*** Opening Source material ***

(* Let $\mathcal{X}$, $\mathcal{Y}$ be finite sets, $\mathcal{H}_S$ a finite-dimensional Hilbert space, and $\{\mathcal{N}^{y|x}\}_{x\in\mathcal{X},y\in\mathcal{Y}}$ an indecomposable CC-QSC acting on $\mathcal{H}_S$. Let $Q$ be a probability mass function on $\mathcal{X}$. For an initial density operator $\rho_{S_0}\in\mathfrak{D}(\mathcal{H}_S)$ and $n\ge1$, let $(X_1^n,Y_1^n)$ be random sequences on $\mathcal{X}^n\times\mathcal{Y}^n$ with joint pmf \[ P(\mathbf{x}_1^n,\mathbf{y}_1^n)=\prod_{\ell=1}^n Q(x_\ell)\cdot\operatorname{tr}\big(\mathcal{N}^{y_n|x_n}\circ\cdots\circ\mathcal{N}^{y_1|x_1}(\rho_{S_0})\big), \] and define $\mathrm{I}^{(n)}(Q,\{\mathcal{N}^{y|x}\},\rho_{S_0})\triangleq\frac1n \mathbf{I}(X_1^n;Y_1^n)$, the (classical) mutual information under this joint pmf, divided by $n$. Then for any $\alpha_{S_0},\beta_{S_0}\in\mathfrak{D}(\mathcal{H}_S)$, \[ \mathrm{I}^{(n)}(Q,\{\mathcal{N}^{y|x}\},\alpha_{S_0})-\mathrm{I}^{(n)}(Q,\{\mathcal{N}^{y|x}\},\beta_{S_0})\xrightarrow{n\to\infty}0 . \]
   Context: $\mathfrak{D}(\mathcal{H})$ denotes the set of density operators on $\mathcal{H}$. A (classical-input classical-output) quantum-state channel (CC-QSC) is a finitely indexed family $\{\mathcal{N}^{y|x}\}_{x\in\mathcal{X},y\in\mathcal{Y}}$ of completely positive maps, all acting on operators on the same Hilbert space $\mathcal{H}_S$, such that $\sum_{y\in\mathcal{Y}}\mathcal{N}^{y|x}$ is trace-preserving for each $x\in\mathcal{X}$. A CC-QSC is called indecomposable if for any initial density operators $\alpha_{S_0},\beta_{S_0}$ and any $\varepsilon>0$ there exists a positive integer $N$ such that $\|\alpha_{S_n}^{(\mathbf{x}_1^n)}-\beta_{S_n}^{(\mathbf{x}_1^n)}\|_1<\varepsilon$ for all $n\ge N$ and all $\mathbf{x}_1^n\in\mathcal{X}^n$, where $\alpha_{S_n}^{(\mathbf{x}_1^n)}\triangleq\sum_{\mathbf{y}_1^n\in\mathcal{Y}^n}\mathcal{N}^{y_n|x_n}\circ\cdots\circ\mathcal{N}^{y_1|x_1}(\alpha_{S_0})$, similarly for $\beta$, and $\|A\|_1\triangleq\frac12\operatorname{tr}\sqrt{A^\dagger A}$ is the trace distance. *)

theory Defs
  imports Complex_Main "Jordan_Normal_Form.Schur_Decomposition"
begin

(* Operators on H_S = C^d are represented as d x d complex matrices. *)

definition mtrace :: "complex mat \<Rightarrow> complex" where
  "mtrace A = (\<Sum>i<dim_row A. A $$ (i, i))"

definition psd :: "complex mat \<Rightarrow> bool" where
  "psd A \<longleftrightarrow> A \<in> carrier_mat (dim_row A) (dim_row A) \<and> mat_adjoint A = A \<and>
     (\<forall>v \<in> carrier_vec (dim_row A). 0 \<le> Re (scalar_prod (conjugate v) (A *\<^sub>v v)))"

definition density :: "nat \<Rightarrow> complex mat \<Rightarrow> bool" where
  "density d A \<longleftrightarrow> A \<in> carrier_mat d d \<and> psd A \<and> mtrace A = 1"

definition trace_dist_norm :: "complex mat \<Rightarrow> real" where
  "trace_dist_norm A = (1/2) * Re (mtrace (THE B. B \<in> carrier_mat (dim_col A) (dim_col A) \<and> psd B \<and>
      B * B = mat_adjoint A * A))"

(* (id_k \<otimes> Phi) applied to a (k*d) x (k*d) block matrix *)
definition block_apply :: "nat \<Rightarrow> nat \<Rightarrow> (complex mat \<Rightarrow> complex mat) \<Rightarrow> complex mat \<Rightarrow> complex mat" where
  "block_apply k d \<Phi> A = mat (k * d) (k * d) (\<lambda>(i, j).
      \<Phi> (mat d d (\<lambda>(a, b). A $$ ((i div d) * d + a, (j div d) * d + b))) $$ (i mod d, j mod d))"

definition completely_positive :: "nat \<Rightarrow> (complex mat \<Rightarrow> complex mat) \<Rightarrow> bool" where
  "completely_positive d \<Phi> \<longleftrightarrow>
     (\<forall>A \<in> carrier_mat d d. \<Phi> A \<in> carrier_mat d d) \<and>
     (\<forall>A \<in> carrier_mat d d. \<forall>B \<in> carrier_mat d d. \<Phi> (A + B) = \<Phi> A + \<Phi> B) \<and>
     (\<forall>A \<in> carrier_mat d d. \<forall>c. \<Phi> (c \<cdot>\<^sub>m A) = c \<cdot>\<^sub>m \<Phi> A) \<and>
     (\<forall>k. \<forall>A \<in> carrier_mat (k * d) (k * d). psd A \<longrightarrow> psd (block_apply k d \<Phi> A))"

definition msum :: "nat \<Rightarrow> ('i \<Rightarrow> complex mat) \<Rightarrow> 'i set \<Rightarrow> complex mat" where
  "msum d f S = mat d d (\<lambda>ij. \<Sum>s\<in>S. f s $$ ij)"

definition cc_qsc :: "nat \<Rightarrow> ('x::finite \<Rightarrow> 'y::finite \<Rightarrow> complex mat \<Rightarrow> complex mat) \<Rightarrow> bool" where
  "cc_qsc d N \<longleftrightarrow> (\<forall>x y. completely_positive d (N x y)) \<and>
     (\<forall>x. \<forall>A \<in> carrier_mat d d. mtrace (msum d (\<lambda>y. N x y A) UNIV) = mtrace A)"

definition apply_seq :: "('x \<Rightarrow> 'y \<Rightarrow> complex mat \<Rightarrow> complex mat) \<Rightarrow> 'x list \<Rightarrow> 'y list \<Rightarrow> complex mat \<Rightarrow> complex mat" where
  "apply_seq N xs ys \<rho> = fold (\<lambda>(x, y) r. N x y r) (zip xs ys) \<rho>"

definition out_state :: "nat \<Rightarrow> ('x \<Rightarrow> 'y::finite \<Rightarrow> complex mat \<Rightarrow> complex mat) \<Rightarrow> 'x list \<Rightarrow> complex mat \<Rightarrow> complex mat" where
  "out_state d N xs \<rho> = msum d (\<lambda>ys. apply_seq N xs ys \<rho>) {ys. length ys = length xs}"

definition indecomposable :: "nat \<Rightarrow> ('x::finite \<Rightarrow> 'y::finite \<Rightarrow> complex mat \<Rightarrow> complex mat) \<Rightarrow> bool" where
  "indecomposable d N \<longleftrightarrow>
     (\<forall>\<alpha> \<beta>. density d \<alpha> \<longrightarrow> density d \<beta> \<longrightarrow>
       (\<forall>\<epsilon>>0. \<exists>N0>0. \<forall>n\<ge>N0. \<forall>xs. length xs = n \<longrightarrow>
          trace_dist_norm (out_state d N xs \<alpha> - out_state d N xs \<beta>) < \<epsilon>))"

definition joint_pmf :: "('x \<Rightarrow> real) \<Rightarrow> ('x \<Rightarrow> 'y \<Rightarrow> complex mat \<Rightarrow> complex mat) \<Rightarrow> complex mat \<Rightarrow> 'x list \<Rightarrow> 'y list \<Rightarrow> real" where
  "joint_pmf Q N \<rho> xs ys = (\<Prod>x\<leftarrow>xs. Q x) * Re (mtrace (apply_seq N xs ys \<rho>))"

definition mutual_info_n :: "('x::finite \<Rightarrow> real) \<Rightarrow> ('x \<Rightarrow> 'y::finite \<Rightarrow> complex mat \<Rightarrow> complex mat) \<Rightarrow> complex mat \<Rightarrow> nat \<Rightarrow> real" where
  "mutual_info_n Q N \<rho> n =
     (let P = joint_pmf Q N \<rho>;
          Xs = {xs::'x list. length xs = n}; Ys = {ys::'y list. length ys = n};
          PX = (\<lambda>xs. \<Sum>ys\<in>Ys. P xs ys); PY = (\<lambda>ys. \<Sum>xs\<in>Xs. P xs ys)
      in \<Sum>xs\<in>Xs. \<Sum>ys\<in>Ys. if P xs ys = 0 then 0 else P xs ys * log 2 (P xs ys / (PX xs * PY ys)))"

definition I_n :: "('x::finite \<Rightarrow> real) \<Rightarrow> ('x \<Rightarrow> 'y::finite \<Rightarrow> complex mat \<Rightarrow> complex mat) \<Rightarrow> complex mat \<Rightarrow> nat \<Rightarrow> real" where
  "I_n Q N \<rho> n = mutual_info_n Q N \<rho> n / real n"

end

(*
  Summing out the first k outputs changes I(X_1^n; Y_1^n) by at most k log |Y|, and the joint
  law of (X_1^n, Y_(k+1)^n) depends on the initial state only through the averaged channel state
  after k uses.  By indecomposability the states obtained from alpha and beta are epsilon-close
  in trace distance once k is large.  Splitting their difference into its positive and negative
  parts (spectral theorem) couples the two laws up to perturbations of total mass epsilon, and
  continuity of entropy then bounds the difference of the mutual informations by
  C_k + O(epsilon n log (|X| |Y|)).  Dividing by n and letting epsilon tend to 0 proves the claim.
*)

theory Submission
  imports Defs "Jordan_Normal_Form.Spectral_Radius"
begin

section \<open>Hermitian matrices and orthonormal bases\<close>

lemma mat_adjoint_dim [simp]:
  "dim_row (mat_adjoint A) = dim_col A" "dim_col (mat_adjoint A) = dim_row A"
  unfolding mat_adjoint_def by auto

lemma index_mat_adjoint [simp]:
  "i < dim_col A \<Longrightarrow> j < dim_row A \<Longrightarrow> mat_adjoint A $$ (i, j) = cnj (A $$ (j, i))"
  unfolding mat_adjoint_def by (auto simp: mat_of_rows_def)

lemma hermitian_iff_index:
  fixes A :: "complex mat"
  assumes A: "A \<in> carrier_mat n n"
  shows "mat_adjoint A = A \<longleftrightarrow> (\<forall>i<n. \<forall>j<n. A $$ (i, j) = cnj (A $$ (j, i)))"
proof
  assume h: "mat_adjoint A = A"
  have "A $$ (i, j) = cnj (A $$ (j, i))" if "i < n" "j < n" for i j
    using index_mat_adjoint[of i A j] A that unfolding h by simp
  then show "\<forall>i<n. \<forall>j<n. A $$ (i, j) = cnj (A $$ (j, i))"
    by blast
next
  assume h: "\<forall>i<n. \<forall>j<n. A $$ (i, j) = cnj (A $$ (j, i))"
  show "mat_adjoint A = A"
  proof (rule eq_matI)
    fix i j assume "i < dim_row A" "j < dim_col A"
    then show "mat_adjoint A $$ (i, j) = A $$ (i, j)"
      using A h[rule_format, of i j] by simp
  qed (use A in auto)
qed

lemma hermitian_index:
  fixes A :: "complex mat"
  assumes "A \<in> carrier_mat n n" "mat_adjoint A = A" "i < n" "j < n"
  shows "A $$ (i, j) = cnj (A $$ (j, i))"
  using assms hermitian_iff_index by blast

lemma hermitian_diff:
  fixes A B :: "complex mat"
  assumes A: "A \<in> carrier_mat n n" and B: "B \<in> carrier_mat n n"
    and "mat_adjoint A = A" "mat_adjoint B = B"
  shows "mat_adjoint (A - B) = A - B"
proof -
  have "(A - B) $$ (i, j) = cnj ((A - B) $$ (j, i))" if "i < n" "j < n" for i j
    using A B that hermitian_index[OF A assms(3) that, symmetric]
      hermitian_index[OF B assms(4) that, symmetric]
    by simp
  moreover have "A - B \<in> carrier_mat n n"
    using B by (rule minus_carrier_mat)
  ultimately show ?thesis
    using hermitian_iff_index[of "A - B" n] by blast
qed

lemma mat_diff_eq_imp_add_eq:
  fixes A B C D :: "'a::ab_group_add mat"
  assumes "A \<in> carrier_mat n n" "B \<in> carrier_mat n n" "C \<in> carrier_mat n n" "D \<in> carrier_mat n n"
    and "A - B = C - D"
  shows "A + D = B + C"
proof (rule eq_matI)
  fix i j assume "i < dim_row (B + C)" "j < dim_col (B + C)"
  then have ij: "i < n" "j < n"
    using assms by auto
  have "(A - B) $$ (i, j) = (C - D) $$ (i, j)"
    using assms(5) by simp
  then have "A $$ (i, j) - B $$ (i, j) = C $$ (i, j) - D $$ (i, j)"
    using assms(1-4) ij by simp
  then show "(A + D) $$ (i, j) = (B + C) $$ (i, j)"
    using assms(1-4) ij by (simp add: algebra_simps eq_diff_eq diff_eq_eq)
qed (use assms in auto)

lemma conjugate_scalar_prod_sum:
  fixes u v :: "complex vec"
  shows "dim_vec u = dim_vec v \<Longrightarrow> conjugate u \<bullet> v = (\<Sum>i<dim_vec v. cnj (u $ i) * v $ i)"
  unfolding scalar_prod_def by (auto simp: lessThan_atLeast0 intro!: sum.cong)

lemma mult_mat_vec_index_sum:
  fixes A :: "complex mat"
  shows "i < dim_row A \<Longrightarrow> dim_col A = dim_vec v \<Longrightarrow>
    (A *\<^sub>v v) $ i = (\<Sum>j<dim_vec v. A $$ (i, j) * v $ j)"
  by (auto simp: scalar_prod_def lessThan_atLeast0 intro!: sum.cong)

lemma conjugate_self_scalar_prod:
  fixes v :: "complex vec"
  shows "v \<in> carrier_vec n \<Longrightarrow> conjugate v \<bullet> v = of_real (\<Sum>i<n. (cmod (v $ i))\<^sup>2)"
  by (simp add: conjugate_scalar_prod_sum complex_norm_square[symmetric] mult.commute
      del: of_real_power)

lemma conjugate_self_scalar_prod_eq_0_iff:
  fixes v :: "complex vec"
  assumes v: "v \<in> carrier_vec n"
  shows "conjugate v \<bullet> v = 0 \<longleftrightarrow> v = 0\<^sub>v n"
  using conjugate_vec_sprod_comm[OF v v] conjugate_square_eq_0_vec[OF v] by simp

*** Closing Source material ***

(Problem to work on) Go through the entries and return each line where the word "lemma" occurs.

(Your solution)
lemma mat_adjoint_dim [simp]:
lemma index_mat_adjoint [simp]:
lemma hermitian_iff_index:
lemma hermitian_index:
lemma hermitian_diff:
lemma mat_diff_eq_imp_add_eq:
lemma conjugate_scalar_prod_sum:
lemma mult_mat_vec_index_sum:
lemma conjugate_self_scalar_prod:
lemma conjugate_self_scalar_prod_eq_0_iff:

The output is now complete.